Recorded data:
──────────

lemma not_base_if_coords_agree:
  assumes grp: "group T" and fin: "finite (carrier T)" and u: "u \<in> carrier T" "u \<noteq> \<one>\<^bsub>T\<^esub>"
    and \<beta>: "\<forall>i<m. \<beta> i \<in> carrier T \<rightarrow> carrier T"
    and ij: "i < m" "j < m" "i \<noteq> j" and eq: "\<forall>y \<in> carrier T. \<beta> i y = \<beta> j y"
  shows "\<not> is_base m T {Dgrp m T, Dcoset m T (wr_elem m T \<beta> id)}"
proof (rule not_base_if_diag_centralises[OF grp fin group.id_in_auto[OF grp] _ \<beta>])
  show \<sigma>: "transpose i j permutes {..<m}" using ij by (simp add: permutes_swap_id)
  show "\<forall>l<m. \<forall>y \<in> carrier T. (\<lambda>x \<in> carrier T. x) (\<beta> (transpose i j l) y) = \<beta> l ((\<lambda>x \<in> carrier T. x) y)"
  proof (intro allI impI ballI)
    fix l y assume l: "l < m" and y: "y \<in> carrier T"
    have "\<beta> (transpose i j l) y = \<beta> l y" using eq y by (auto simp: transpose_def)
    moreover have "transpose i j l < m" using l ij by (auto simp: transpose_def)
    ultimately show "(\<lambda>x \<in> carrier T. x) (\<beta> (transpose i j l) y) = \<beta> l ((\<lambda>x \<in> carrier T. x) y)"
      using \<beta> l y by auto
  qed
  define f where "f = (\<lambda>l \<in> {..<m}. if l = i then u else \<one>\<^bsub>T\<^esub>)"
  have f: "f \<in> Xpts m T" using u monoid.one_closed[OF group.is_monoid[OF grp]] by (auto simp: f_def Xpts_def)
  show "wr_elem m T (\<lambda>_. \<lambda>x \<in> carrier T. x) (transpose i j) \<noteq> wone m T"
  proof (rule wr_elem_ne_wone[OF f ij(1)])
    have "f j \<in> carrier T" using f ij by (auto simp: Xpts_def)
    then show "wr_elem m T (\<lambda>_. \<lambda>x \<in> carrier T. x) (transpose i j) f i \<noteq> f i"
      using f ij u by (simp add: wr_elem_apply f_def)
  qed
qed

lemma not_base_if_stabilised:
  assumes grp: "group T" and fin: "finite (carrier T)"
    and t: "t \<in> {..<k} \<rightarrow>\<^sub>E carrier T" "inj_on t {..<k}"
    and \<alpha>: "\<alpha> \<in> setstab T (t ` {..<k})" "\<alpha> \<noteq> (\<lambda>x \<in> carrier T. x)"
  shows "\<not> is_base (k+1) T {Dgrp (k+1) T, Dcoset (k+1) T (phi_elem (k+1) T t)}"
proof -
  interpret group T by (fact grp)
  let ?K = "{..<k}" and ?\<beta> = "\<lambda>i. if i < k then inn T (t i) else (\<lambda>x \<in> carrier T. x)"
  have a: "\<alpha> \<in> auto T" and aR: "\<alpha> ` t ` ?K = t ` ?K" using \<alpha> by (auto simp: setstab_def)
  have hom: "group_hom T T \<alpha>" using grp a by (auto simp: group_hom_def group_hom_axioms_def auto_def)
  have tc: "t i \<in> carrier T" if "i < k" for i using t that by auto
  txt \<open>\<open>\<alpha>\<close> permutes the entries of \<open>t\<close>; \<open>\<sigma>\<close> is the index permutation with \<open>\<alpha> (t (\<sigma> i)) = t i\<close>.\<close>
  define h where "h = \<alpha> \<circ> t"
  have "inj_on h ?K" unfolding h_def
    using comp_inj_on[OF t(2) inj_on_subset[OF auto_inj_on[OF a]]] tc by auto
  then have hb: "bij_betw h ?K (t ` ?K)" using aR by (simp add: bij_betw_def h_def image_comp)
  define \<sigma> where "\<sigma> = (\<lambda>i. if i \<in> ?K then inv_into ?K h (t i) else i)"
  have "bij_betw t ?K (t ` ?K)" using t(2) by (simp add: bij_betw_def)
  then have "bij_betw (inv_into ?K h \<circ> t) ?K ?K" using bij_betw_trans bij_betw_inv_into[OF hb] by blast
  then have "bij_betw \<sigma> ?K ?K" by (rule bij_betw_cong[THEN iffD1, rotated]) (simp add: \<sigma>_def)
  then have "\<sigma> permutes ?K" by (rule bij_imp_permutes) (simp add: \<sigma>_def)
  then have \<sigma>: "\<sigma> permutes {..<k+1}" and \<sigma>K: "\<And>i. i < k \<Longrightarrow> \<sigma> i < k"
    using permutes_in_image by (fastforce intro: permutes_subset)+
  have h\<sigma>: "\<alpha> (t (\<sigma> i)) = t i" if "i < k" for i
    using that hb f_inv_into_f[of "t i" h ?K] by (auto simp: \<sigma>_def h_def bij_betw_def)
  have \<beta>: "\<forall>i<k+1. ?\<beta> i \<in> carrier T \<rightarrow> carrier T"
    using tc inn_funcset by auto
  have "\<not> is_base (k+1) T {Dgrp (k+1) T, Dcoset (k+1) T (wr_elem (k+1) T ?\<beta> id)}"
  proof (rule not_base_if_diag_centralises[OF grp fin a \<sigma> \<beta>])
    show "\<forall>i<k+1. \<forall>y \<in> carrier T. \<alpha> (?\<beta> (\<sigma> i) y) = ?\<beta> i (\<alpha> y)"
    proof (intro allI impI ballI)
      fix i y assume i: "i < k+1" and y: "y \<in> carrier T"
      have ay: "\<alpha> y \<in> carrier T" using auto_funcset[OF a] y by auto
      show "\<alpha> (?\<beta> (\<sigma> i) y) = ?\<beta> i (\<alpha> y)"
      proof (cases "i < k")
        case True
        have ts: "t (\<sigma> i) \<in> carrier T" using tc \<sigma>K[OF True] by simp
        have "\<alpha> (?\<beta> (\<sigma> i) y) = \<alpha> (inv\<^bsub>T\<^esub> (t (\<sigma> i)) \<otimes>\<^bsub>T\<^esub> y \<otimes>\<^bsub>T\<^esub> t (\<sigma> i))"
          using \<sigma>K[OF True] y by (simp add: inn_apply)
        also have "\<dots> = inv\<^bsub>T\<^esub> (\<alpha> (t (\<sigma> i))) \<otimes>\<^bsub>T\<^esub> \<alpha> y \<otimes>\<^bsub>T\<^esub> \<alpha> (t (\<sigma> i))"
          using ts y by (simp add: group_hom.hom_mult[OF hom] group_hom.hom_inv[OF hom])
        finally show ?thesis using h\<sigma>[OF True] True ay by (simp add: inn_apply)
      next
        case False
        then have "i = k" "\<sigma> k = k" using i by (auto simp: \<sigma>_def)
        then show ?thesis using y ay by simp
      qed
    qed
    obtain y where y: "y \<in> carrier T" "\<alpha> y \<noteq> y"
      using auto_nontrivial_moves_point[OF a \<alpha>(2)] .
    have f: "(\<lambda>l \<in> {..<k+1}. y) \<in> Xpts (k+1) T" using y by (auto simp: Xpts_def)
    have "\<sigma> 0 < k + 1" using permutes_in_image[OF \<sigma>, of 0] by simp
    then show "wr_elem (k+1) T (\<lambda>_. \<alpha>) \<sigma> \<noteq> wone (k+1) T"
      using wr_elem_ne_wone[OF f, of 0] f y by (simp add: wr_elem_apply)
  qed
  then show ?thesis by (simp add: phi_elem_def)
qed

──────────

_Try it_
Word for word, restate each of the records above.

_Solution to this exercise_
lemma not_base_if_coords_agree:
  assumes grp: "group T" and fin: "finite (carrier T)" and u: "u \<in> carrier T" "u \<noteq> \<one>\<^bsub>T\<^esub>"
    and \<beta>: "\<forall>i<m. \<beta> i \<in> carrier T \<rightarrow> carrier T"
    and ij: "i < m" "j < m" "i \<noteq> j" and eq: "\<forall>y \<in> carrier T. \<beta> i y = \<beta> j y"
  shows "\<not> is_base m T {Dgrp m T, Dcoset m T (wr_elem m T \<beta> id)}"
proof (rule not_base_if_diag_centralises[OF grp fin group.id_in_auto[OF grp] _ \<beta>])
  show \<sigma>: "transpose i j permutes {..<m}" using ij by (simp add: permutes_swap_id)
  show "\<forall>l<m. \<forall>y \<in> carrier T. (\<lambda>x \<in> carrier T. x) (\<beta> (transpose i j l) y) = \<beta> l ((\<lambda>x \<in> carrier T. x) y)"
  proof (intro allI impI ballI)
    fix l y assume l: "l < m" and y: "y \<in> carrier T"
    have "\<beta> (transpose i j l) y = \<beta> l y" using eq y by (auto simp: transpose_def)
    moreover have "transpose i j l < m" using l ij by (auto simp: transpose_def)
    ultimately show "(\<lambda>x \<in> carrier T. x) (\<beta> (transpose i j l) y) = \<beta> l ((\<lambda>x \<in> carrier T. x) y)"
      using \<beta> l y by auto
  qed
  define f where "f = (\<lambda>l \<in> {..<m}. if l = i then u else \<one>\<^bsub>T\<^esub>)"
  have f: "f \<in> Xpts m T" using u monoid.one_closed[OF group.is_monoid[OF grp]] by (auto simp: f_def Xpts_def)
  show "wr_elem m T (\<lambda>_. \<lambda>x \<in> carrier T. x) (transpose i j) \<noteq> wone m T"
  proof (rule wr_elem_ne_wone[OF f ij(1)])
    have "f j \<in> carrier T" using f ij by (auto simp: Xpts_def)
    then show "wr_elem m T (\<lambda>_. \<lambda>x \<in> carrier T. x) (transpose i j) f i \<noteq> f i"
      using f ij u by (simp add: wr_elem_apply f_def)
  qed
qed

lemma not_base_if_stabilised:
  assumes grp: "group T" and fin: "finite (carrier T)"
    and t: "t \<in> {..<k} \<rightarrow>\<^sub>E carrier T" "inj_on t {..<k}"
    and \<alpha>: "\<alpha> \<in> setstab T (t ` {..<k})" "\<alpha> \<noteq> (\<lambda>x \<in> carrier T. x)"
  shows "\<not> is_base (k+1) T {Dgrp (k+1) T, Dcoset (k+1) T (phi_elem (k+1) T t)}"
proof -
  interpret group T by (fact grp)
  let ?K = "{..<k}" and ?\<beta> = "\<lambda>i. if i < k then inn T (t i) else (\<lambda>x \<in> carrier T. x)"
  have a: "\<alpha> \<in> auto T" and aR: "\<alpha> ` t ` ?K = t ` ?K" using \<alpha> by (auto simp: setstab_def)
  have hom: "group_hom T T \<alpha>" using grp a by (auto simp: group_hom_def group_hom_axioms_def auto_def)
  have tc: "t i \<in> carrier T" if "i < k" for i using t that by auto
  txt \<open>\<open>\<alpha>\<close> permutes the entries of \<open>t\<close>; \<open>\<sigma>\<close> is the index permutation with \<open>\<alpha> (t (\<sigma> i)) = t i\<close>.\<close>
  define h where "h = \<alpha> \<circ> t"
  have "inj_on h ?K" unfolding h_def
    using comp_inj_on[OF t(2) inj_on_subset[OF auto_inj_on[OF a]]] tc by auto
  then have hb: "bij_betw h ?K (t ` ?K)" using aR by (simp add: bij_betw_def h_def image_comp)
  define \<sigma> where "\<sigma> = (\<lambda>i. if i \<in> ?K then inv_into ?K h (t i) else i)"
  have "bij_betw t ?K (t ` ?K)" using t(2) by (simp add: bij_betw_def)
  then have "bij_betw (inv_into ?K h \<circ> t) ?K ?K" using bij_betw_trans bij_betw_inv_into[OF hb] by blast
  then have "bij_betw \<sigma> ?K ?K" by (rule bij_betw_cong[THEN iffD1, rotated]) (simp add: \<sigma>_def)
  then have "\<sigma> permutes ?K" by (rule bij_imp_permutes) (simp add: \<sigma>_def)
  then have \<sigma>: "\<sigma> permutes {..<k+1}" and \<sigma>K: "\<And>i. i < k \<Longrightarrow> \<sigma> i < k"
    using permutes_in_image by (fastforce intro: permutes_subset)+
  have h\<sigma>: "\<alpha> (t (\<sigma> i)) = t i" if "i < k" for i
    using that hb f_inv_into_f[of "t i" h ?K] by (auto simp: \<sigma>_def h_def bij_betw_def)
  have \<beta>: "\<forall>i<k+1. ?\<beta> i \<in> carrier T \<rightarrow> carrier T"
    using tc inn_funcset by auto
  have "\<not> is_base (k+1) T {Dgrp (k+1) T, Dcoset (k+1) T (wr_elem (k+1) T ?\<beta> id)}"
  proof (rule not_base_if_diag_centralises[OF grp fin a \<sigma> \<beta>])
    show "\<forall>i<k+1. \<forall>y \<in> carrier T. \<alpha> (?\<beta> (\<sigma> i) y) = ?\<beta> i (\<alpha> y)"
    proof (intro allI impI ballI)
      fix i y assume i: "i < k+1" and y: "y \<in> carrier T"
      have ay: "\<alpha> y \<in> carrier T" using auto_funcset[OF a] y by auto
      show "\<alpha> (?\<beta> (\<sigma> i) y) = ?\<beta> i (\<alpha> y)"
      proof (cases "i < k")
        case True
        have ts: "t (\<sigma> i) \<in> carrier T" using tc \<sigma>K[OF True] by simp
        have "\<alpha> (?\<beta> (\<sigma> i) y) = \<alpha> (inv\<^bsub>T\<^esub> (t (\<sigma> i)) \<otimes>\<^bsub>T\<^esub> y \<otimes>\<^bsub>T\<^esub> t (\<sigma> i))"
          using \<sigma>K[OF True] y by (simp add: inn_apply)
        also have "\<dots> = inv\<^bsub>T\<^esub> (\<alpha> (t (\<sigma> i))) \<otimes>\<^bsub>T\<^esub> \<alpha> y \<otimes>\<^bsub>T\<^esub> \<alpha> (t (\<sigma> i))"
          using ts y by (simp add: group_hom.hom_mult[OF hom] group_hom.hom_inv[OF hom])
        finally show ?thesis using h\<sigma>[OF True] True ay by (simp add: inn_apply)
      next
        case False
        then have "i = k" "\<sigma> k = k" using i by (auto simp: \<sigma>_def)
        then show ?thesis using y ay by simp
      qed
    qed
    obtain y where y: "y \<in> carrier T" "\<alpha> y \<noteq> y"
      using auto_nontrivial_moves_point[OF a \<alpha>(2)] .
    have f: "(\<lambda>l \<in> {..<k+1}. y) \<in> Xpts (k+1) T" using y by (auto simp: Xpts_def)
    have "\<sigma> 0 < k + 1" using permutes_in_image[OF \<sigma>, of 0] by simp
    then show "wr_elem (k+1) T (\<lambda>_. \<alpha>) \<sigma> \<noteq> wone (k+1) T"
      using wr_elem_ne_wone[OF f, of 0] f y by (simp add: wr_elem_apply)
  qed
  then show ?thesis by (simp add: phi_elem_def)
qed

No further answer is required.